Senate Bill 799 would make it a criminal offense punishable by up to five years in prison and a $500 fine to represent oneself as a board-certified behavior analyst primarily for the treatment of children with autism. Each patient contact or consultation would be considered a separate offense under the bill.

State Sen. Bob Duff, a Norwalk Democrat, along with state Rep. Larry Cafero, a Norwalk Republican and minority leader in the state House of Representatives, and state Senate Majority Leader Martin Looney, a New Haven Democrat, all spoke at the event to show their support for the bill.
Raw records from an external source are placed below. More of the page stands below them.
(* Let $K$ be uniformly distributed on $\{0,1\}^N$, let $\mathcal L$ be a finite set and $\Psi:\{0,1\}^N\to\mathcal L$. For $\lambda\in\mathcal L$ put $S_\lambda := \Psi^{-1}(\lambda)$, let $\mathbb P_\lambda(\cdot) := \mathbb P(\cdot\mid \Psi(K)=\lambda)$ (so $K$ is uniform on $S_\lambda$ under $\mathbb P_\lambda$), and write $\mathbb E_\lambda$ for expectation under $\mathbb P_\lambda$. For $1\le r\le d$ and probes $p_1,\dots,p_r\in\{1,\dots,N\}$ define \[ g_\lambda(p_1,\dots,p_r) := \sum_{x\in\{0,1\}^r}\mathbb P_\lambda\big((K[p_1],\dots,K[p_r]) = x\big)^2. \] Let $P_1,\dots,P_d$ be independent uniform elements of $\{1,\dots,N\}$, independent of $K$. Let $\alpha\ge 0$ with $\alpha+d\le N$. If $\log_2|S_\lambda| \ge N-\alpha$, then \[ \mathbb E_\lambda\big[g_\lambda(P_1,\dots,P_d)\big] \le \Big[h^{-1}\Big(1-\frac{\alpha+d}{N}\Big)\Big]^d. \]
   Context: $K[i]$ is the $i$-th bit of $K$. $h(p)=p\log_2\frac1p+(1-p)\log_2\frac1{1-p}$ is the binary entropy function on $[0,1]$; $h^{-1}:[0,1]\to[1/2,1]$ is the inverse of the restriction of $h$ to $[1/2,1]$ (a strictly decreasing bijection onto $[0,1]$). *)

theory Defs
  imports "HOL-Analysis.Analysis"
begin

text \<open>Bit strings in {0,1}^N, indexed by 1..N (bit i of k is k i).\<close>
definition cube :: "nat \<Rightarrow> (nat \<Rightarrow> bool) set" where
  "cube N = PiE {1..N} (\<lambda>_. UNIV)"

definition fiber :: "nat \<Rightarrow> ((nat \<Rightarrow> bool) \<Rightarrow> 'l) \<Rightarrow> 'l \<Rightarrow> (nat \<Rightarrow> bool) set" where
  "fiber N Psi lam = {k \<in> cube N. Psi k = lam}"

definition cond_prob ::
  "nat \<Rightarrow> ((nat \<Rightarrow> bool) \<Rightarrow> 'l) \<Rightarrow> 'l \<Rightarrow> nat \<Rightarrow> (nat \<Rightarrow> nat) \<Rightarrow> (nat \<Rightarrow> bool) \<Rightarrow> real" where
  "cond_prob N Psi lam r p x =
     real (card {k \<in> fiber N Psi lam. \<forall>j\<in>{1..r}. k (p j) = x j}) / real (card (fiber N Psi lam))"

definition g_fun :: "nat \<Rightarrow> ((nat \<Rightarrow> bool) \<Rightarrow> 'l) \<Rightarrow> 'l \<Rightarrow> nat \<Rightarrow> (nat \<Rightarrow> nat) \<Rightarrow> real" where
  "g_fun N Psi lam r p = (\<Sum>x\<in>PiE {1..r} (\<lambda>_. UNIV). (cond_prob N Psi lam r p x)^2)"

text \<open>E_lambda[g(P_1,...,P_d)], with P_1..P_d iid uniform on {1..N}, independent of K\<close>
definition expected_g :: "nat \<Rightarrow> ((nat \<Rightarrow> bool) \<Rightarrow> 'l) \<Rightarrow> 'l \<Rightarrow> nat \<Rightarrow> real" where
  "expected_g N Psi lam d =
     (\<Sum>p\<in>PiE {1..d} (\<lambda>_. {1..N}). g_fun N Psi lam d p) / real N ^ d"

definition bin_entropy :: "real \<Rightarrow> real" where
  "bin_entropy p = p * log 2 (1/p) + (1 - p) * log 2 (1/(1 - p))"

definition bin_entropy_inv :: "real \<Rightarrow> real" where
  "bin_entropy_inv y = (THE p. p \<in> {1/2..1} \<and> bin_entropy p = y)"

end

theory Submission
  imports Defs "HOL-Real_Asymp.Real_Asymp"
begin

(* Write T for the fibre S_lambda and call two keys colliding for probes p_1, ..., p_r if they agree
   on all probed bits, so that g_lambda(p) is |T|^-2 times the number of colliding pairs. Appending a
   uniformly random probe j keeps a colliding pair (k, k') iff k' also agrees with k at bit j; inside
   the class C of k this happens for at most |C| max(f_j, 1 - f_j) keys, where f_j is the frequency of
   ones at bit j in C. By subadditivity of entropy the h(f_j) sum to at least log |C|, and by Jensen for
   x log x and Cauchy-Schwarz (there are at least |T|^2 / 2^r colliding pairs) their class-weighted
   average is at least (log |T| - r) / N >= h(q) for q = h^-1(1 - (alpha + d) / N). Concavity of h and
   its monotonicity on [1/2, 1] then bound the weighted mean of max(f_j, 1 - f_j) by q, so every probe
   multiplies the expected number of colliding pairs by at most q, and E[g] <= q^d. *)

section \<open>Binary entropy\<close>

lemma bin_entropy_eq_ln:
  assumes "0 \<le> x" "x \<le> 1"
  shows "bin_entropy x = - (x * ln x + (1 - x) * ln (1 - x)) / ln 2"
proof -
  have *: "y * log 2 (1 / y) = - (y * ln y) / ln 2" if "0 \<le> y" for y :: real
    using that by (cases "y = 0") (simp_all add: log_def ln_div)
  show ?thesis
    using *[of x] *[of "1 - x"] assms unfolding bin_entropy_def by (simp add: field_simps)
qed

lemma bin_entropy_one_minus: "bin_entropy (1 - x) = bin_entropy x"
  unfolding bin_entropy_def by simp

lemma bin_entropy_max_one_minus: "bin_entropy (max p (1 - p)) = bin_entropy p"
  by (simp add: max_def bin_entropy_one_minus)

lemma bin_entropy_nonneg:
  assumes "0 \<le> x" "x \<le> 1"
  shows "0 \<le> bin_entropy x"
proof -
  have *: "y * ln y \<le> 0" if "0 \<le> y" "y \<le> 1" for y :: real
    using that by (cases "y = 0") (auto simp: mult_nonneg_nonpos)
  have "0 \<le> - (x * ln x + (1 - x) * ln (1 - x))"
    using *[of x] *[of "1 - x"] assms by simp
  then show ?thesis
    using assms by (simp add: bin_entropy_eq_ln)
qed

lemma has_real_derivative_bin_entropy:
  assumes "0 < x" "x < 1"
  shows "(bin_entropy has_real_derivative (ln (1 - x) - ln x) / ln 2) (at x)"
proof -
  have "((\<lambda>x. - (x * ln x + (1 - x) * ln (1 - x)) / ln 2) has_real_derivative
      (ln (1 - x) - ln x) / ln 2) (at x)"
    using assms by (auto intro!: derivative_eq_intros)
  then show ?thesis
    by (rule has_field_derivative_transform_within_open[where S = "{0<..<1}"])
      (use assms in \<open>auto simp: bin_entropy_eq_ln\<close>)
qed

lemma continuous_on_bin_entropy: "continuous_on {0..1} bin_entropy"
proof (rule continuous_on_IccI)
  show "(bin_entropy \<longlongrightarrow> bin_entropy 0) (at_right 0)"
    unfolding bin_entropy_def[abs_def] by simp real_asymp
  show "(bin_entropy \<longlongrightarrow> bin_entropy 1) (at_left 1)"
    unfolding bin_entropy_def[abs_def] by simp real_asymp
  show "bin_entropy \<midarrow>x\<rightarrow> bin_entropy x" if "0 < x" "x < 1" for x
    using DERIV_isCont[OF has_real_derivative_bin_entropy] that by (simp add: isCont_def)
qed simp

lemma bin_entropy_strict_antimono:
  assumes "1/2 \<le> x" "x < y" "y \<le> 1"
  shows "bin_entropy y < bin_entropy x"
proof (rule DERIV_neg_imp_decreasing_open[OF \<open>x < y\<close>])
  fix z assume "x < z" "z < y"
  with assms have "0 < z" "z < 1" "ln (1 - z) < ln z" by auto
  then show "\<exists>D. (bin_entropy has_real_derivative D) (at z) \<and> D < 0"
    using has_real_derivative_bin_entropy[of z]
    by (intro exI[of _ "(ln (1 - z) - ln z) / ln 2"]) (auto simp: divide_neg_pos)
next
  show "continuous_on {x..y} bin_entropy"
    using assms by (intro continuous_on_subset[OF continuous_on_bin_entropy]) auto
qed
With bipartisan support from such high-ranking legislators as Looney and Cafero, Duff said, the bill has an excellent chance of passing.

Looney said the bill would toughen the penalties for fraudulent behavior in a way that would have behavioral therapists for autism treated by the state in a similar way to the state's treatment of health-care professionals in other fields.
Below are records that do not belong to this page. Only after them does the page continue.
(* Let $p$ be the POP of length 4 defined by the relations $1>2$, $1>3$ and $4>3$; equivalently, avoiding $p$ means simultaneously avoiding the patterns $4312, 4213, 3214, 4123, 3124$. Let $a(n)=|S_n(p)|$. Then $a(0)=a(1)=1$, and for $n\geq 2$, $a(n)=4a(n-1)-3a(n-2)+1$, so that $$a(n)=\frac{3^n-2n+3}{4}\quad(n\geq 0).$$ Moreover, $$\sum_{n\geq 0}a(n)x^n=\frac{(1-2x)^2}{(1-3x)(1-x)^2}.$$
   Context: An $n$-permutation is a word $\pi=\pi_1\cdots\pi_n$ containing each of $1,\ldots,n$ exactly once; $S_n$ is the set of $n$-permutations ($S_0$ consists of the empty permutation). A partially ordered pattern (POP) $p$ of length $k$ is a partial order on the label set $\{1,\ldots,k\}$; it is described by a set of generating relations, where a relation $x>y$ means that in an occurrence the entry in the $x$-th chosen position must be larger than the entry in the $y$-th chosen position, and labels not involved in any relation are unconstrained. An $n$-permutation $\pi$ contains $p$ if there are indices $1\leq i_1<\cdots<i_k\leq n$ such that $\pi_{i_x}>\pi_{i_y}$ whenever $x>y$ in the partial order; otherwise $\pi$ avoids $p$. $S_n(p)$ denotes the set of $n$-permutations avoiding $p$. A permutation $\pi$ avoids a classical pattern $q$ if it has no subsequence order-isomorphic to $q$. *)

theory Defs
  imports Main "HOL-Computational_Algebra.Formal_Power_Series"
begin

definition perms :: "nat \<Rightarrow> nat list set" where
  "perms n = {w. distinct w \<and> set w = {1..n}}"

text \<open>A POP of length k given by a set R of generating relations; (x,y) \<in> R means x > y.
  Positions are chosen by a strictly increasing map i from labels {1..k} to 0-based indices.\<close>
definition contains_pop :: "nat list \<Rightarrow> nat \<Rightarrow> (nat \<times> nat) set \<Rightarrow> bool" where
  "contains_pop w k R \<longleftrightarrow>
     (\<exists>i::nat \<Rightarrow> nat. strict_mono_on {1..k} i \<and> (\<forall>x\<in>{1..k}. i x < length w) \<and>
        (\<forall>(x,y)\<in>R. w ! (i x) > w ! (i y)))"

definition avoids_pop :: "nat list \<Rightarrow> nat \<Rightarrow> (nat \<times> nat) set \<Rightarrow> bool" where
  "avoids_pop w k R \<longleftrightarrow> \<not> contains_pop w k R"

definition pop_avoiders :: "nat \<Rightarrow> nat \<Rightarrow> (nat \<times> nat) set \<Rightarrow> nat list set" where
  "pop_avoiders n k R = {w \<in> perms n. avoids_pop w k R}"

definition contains_classical :: "nat list \<Rightarrow> nat list \<Rightarrow> bool" where
  "contains_classical w q \<longleftrightarrow>
     (\<exists>i::nat \<Rightarrow> nat. strict_mono_on {0..<length q} i \<and> (\<forall>a<length q. i a < length w) \<and>
        (\<forall>a<length q. \<forall>b<length q. w ! (i a) < w ! (i b) \<longleftrightarrow> q ! a < q ! b))"

definition avoids_classical :: "nat list \<Rightarrow> nat list \<Rightarrow> bool" where
  "avoids_classical w q \<longleftrightarrow> \<not> contains_classical w q"

end

theory Submission
  imports Defs
begin

unbundle fps_syntax

text \<open>Write p3 for the restriction of p to the labels 1, 2, 3, i.e. the POP 1>2, 1>3.
  Delete the last entry y of a permutation and standardize the rest to w. If the last entry
  of w is at least y, the permutation avoids p iff w does; otherwise it avoids p iff w avoids
  p3, because then the last entry of w can play the role of label 3 in any occurrence.
  Avoiders of p3 begin with 1 or 2, so exactly 2^(y-2) of them have their last entry below y.
  Summing over y gives the number of p-avoiders whose last entry is at least y in closed form,
  and in particular a(n) = a(n-1) + (3^(n-1) - 1)/2, whence the closed form, the recurrence
  and the generating function.\<close>

section \<open>Occurrences of p and p3\<close>

definition contains_p4 :: "'a::linorder list \<Rightarrow> bool" where
  "contains_p4 w \<longleftrightarrow> (\<exists>i1 i2 i3 i4. i1 < i2 \<and> i2 < i3 \<and> i3 < i4 \<and> i4 < length w \<and>
      w!i2 < w!i1 \<and> w!i3 < w!i1 \<and> w!i3 < w!i4)"

definition contains_p3 :: "'a::linorder list \<Rightarrow> bool" where
  "contains_p3 w \<longleftrightarrow> (\<exists>i1 i2 i3. i1 < i2 \<and> i2 < i3 \<and> i3 < length w \<and>
      w!i2 < w!i1 \<and> w!i3 < w!i1)"

lemma contains_p4_imp_p3: "contains_p4 w \<Longrightarrow> contains_p3 w"
  unfolding contains_p4_def contains_p3_def by (meson less_trans)

lemma contains_p4_map:
  assumes "strict_mono f"
  shows "contains_p4 (map f w) \<longleftrightarrow> contains_p4 w"
proof -
  have "map f w ! i < map f w ! j \<longleftrightarrow> w ! i < w ! j" if "i < length w" "j < length w" for i j
    using that by (simp add: strict_mono_less[OF assms])
  then show ?thesis unfolding contains_p4_def length_map
    by (intro iff_exI) (meson less_trans)
qed

lemma contains_p3_map:
  assumes "strict_mono f"
  shows "contains_p3 (map f w) \<longleftrightarrow> contains_p3 w"
proof -
  have "map f w ! i < map f w ! j \<longleftrightarrow> w ! i < w ! j" if "i < length w" "j < length w" for i j
    using that by (simp add: strict_mono_less[OF assms])
  then show ?thesis unfolding contains_p3_def length_map
    by (intro iff_exI) (meson less_trans)
qed

lemma contains_p4_snoc:
  "contains_p4 (xs @ [y]) \<longleftrightarrow> contains_p4 xs \<or>
     (\<exists>i1 i2 i3. i1 < i2 \<and> i2 < i3 \<and> i3 < length xs \<and>
        xs!i2 < xs!i1 \<and> xs!i3 < xs!i1 \<and> xs!i3 < y)"
  (is "_ \<longleftrightarrow> _ \<or> ?ends_below")
proof
  assume "contains_p4 (xs @ [y])"
  then obtain i1 i2 i3 i4 where i: "i1 < i2" "i2 < i3" "i3 < i4" "i4 \<le> length xs"
    and v: "(xs@[y])!i2 < (xs@[y])!i1" "(xs@[y])!i3 < (xs@[y])!i1" "(xs@[y])!i3 < (xs@[y])!i4"
    unfolding contains_p4_def by auto
  have vals: "xs!i2 < xs!i1" "xs!i3 < xs!i1" using i v by (simp_all add: nth_append)
  show "contains_p4 xs \<or> ?ends_below"
  proof (cases "i4 = length xs")
    case True
    then have "i3 < length xs" "xs!i3 < y" using i v by (simp_all add: nth_append)
    then show ?thesis using i vals by blast
  next
    case False
    then have "i4 < length xs" "xs!i3 < xs!i4" using i v by (simp_all add: nth_append)
    then show ?thesis unfolding contains_p4_def using i vals by blast
  qed
next
  assume "contains_p4 xs \<or> ?ends_below"
  then show "contains_p4 (xs @ [y])"
  proof
    assume "contains_p4 xs"
    then obtain i1 i2 i3 i4 where "i1 < i2" "i2 < i3" "i3 < i4" "i4 < length xs"
      "xs!i2 < xs!i1" "xs!i3 < xs!i1" "xs!i3 < xs!i4" unfolding contains_p4_def by blast
    then show ?thesis unfolding contains_p4_def
      by (intro exI[of _ i1] exI[of _ i2] exI[of _ i3] exI[of _ i4]) (simp add: nth_append)
  next
    assume ?ends_below
    then obtain i1 i2 i3 where "i1 < i2" "i2 < i3" "i3 < length xs"
      "xs!i2 < xs!i1" "xs!i3 < xs!i1" "xs!i3 < y" by blast
    then show ?thesis unfolding contains_p4_def
      by (intro exI[of _ i1] exI[of _ i2] exI[of _ i3] exI[of _ "length xs"]) (simp add: nth_append)
  qed
qed

lemma contains_p4_snoc_below_last:
  assumes "xs \<noteq> []" "y < last xs"
  shows "contains_p4 (xs @ [y]) \<longleftrightarrow> contains_p4 xs"
proof -
  have "contains_p4 xs" if "i1 < i2" "i2 < i3" "i3 < length xs"
    "xs!i2 < xs!i1" "xs!i3 < xs!i1" "xs!i3 < y" for i1 i2 i3
  proof -
    have last: "last xs = xs ! (length xs - 1)" using assms(1) by (simp add: last_conv_nth)
    then have "i3 \<noteq> length xs - 1" using that assms(2) by auto
    then have "i3 < length xs - 1" using that(3) by linarith
    then show ?thesis unfolding contains_p4_def using that assms(2) last
      by (intro exI[of _ i1] exI[of _ i2] exI[of _ i3] exI[of _ "length xs - 1"]) auto
  qed
  then show ?thesis using contains_p4_snoc by blast
qed

lemma contains_p4_snoc_above_last:
  assumes "xs \<noteq> []" "last xs < y"
  shows "contains_p4 (xs @ [y]) \<longleftrightarrow> contains_p3 xs"
proof
  assume "contains_p4 (xs @ [y])"
  then show "contains_p3 xs"
    using contains_p4_snoc contains_p4_imp_p3 unfolding contains_p3_def by blast
next
  assume "contains_p3 xs"
  then obtain i1 i2 i3 where i: "i1 < i2" "i2 < i3" "i3 < length xs"
    and v: "xs!i2 < xs!i1" "xs!i3 < xs!i1" unfolding contains_p3_def by blast
  let ?l = "length xs - 1"
  have last: "last xs = xs ! ?l" using assms(1) by (simp add: last_conv_nth)
  show "contains_p4 (xs @ [y])"
  proof (cases "xs!i3 < y")
    case True
    then show ?thesis using i v contains_p4_snoc by blast
  next
    case False
    \<comment> \<open>then the last entry of xs, being below xs!i3, can play the role of label 3\<close>
    then have "i3 \<noteq> ?l" using assms(2) last by auto
    then have "i2 < ?l" "?l < length xs" using i by linarith+
    moreover have "xs ! ?l < xs!i1" "xs ! ?l < y" using False v assms(2) last by auto
    ultimately show ?thesis unfolding contains_p4_snoc using i(1) v(1) by blast
  qed
qed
Cafero said that in Lore's case, she was convicted of larceny charges sufficient enough to put her in prison upon conviction, a situation that may not always apply in other cases unless the proposal is made law.

Cafero pointed out that parents who find they have autistic children are desperate to seek help with something about which they themselves have little or no knowledge, and that makes them especially vulnerable to fraudsters claiming to be therapists. 

"When you're thrust into the world of autism, it's a strange, new world," said Margaret Busteck of Norwalk. "When Stacy first came into our lives, we felt she was a dream come true."

If the legislative proposal had been law earlier, it might have frightened people like Lore away from the idea of faking their credentials, Busteck said, "and my son would not have been cheated out of his window of opportunity."

Supraja Krishna of Norwalk also spoke at the event, pointing out, as she put it in an interview afterward, that for parents whose first language is not English, it can be difficult to monitor how well services are being provided to their autistic children. Filtering out fraudsters in the behavioral therapy field, she said, "is so important for all the parents who don't speak Engish fluently."

The legislators and parents at the news conference stressed the advantage of having the law as a humanitarian measure to help those with autism, as well as their families. But another reason to pass the law, some pointed out, was that it could also save the state money down the road because children who are successfully treated won't need as much support from the state later in their lives. Duff said there was no projected additional cost to the state for enforcing the new law.

"When you give a child with autism an appropriate education at a young age, when their window of opportunity to learn is so great, then you give that child an opportunity to live an independent life, someday," said Maria Dominici of Weston, whose daughter was treated by Lore for 18 months.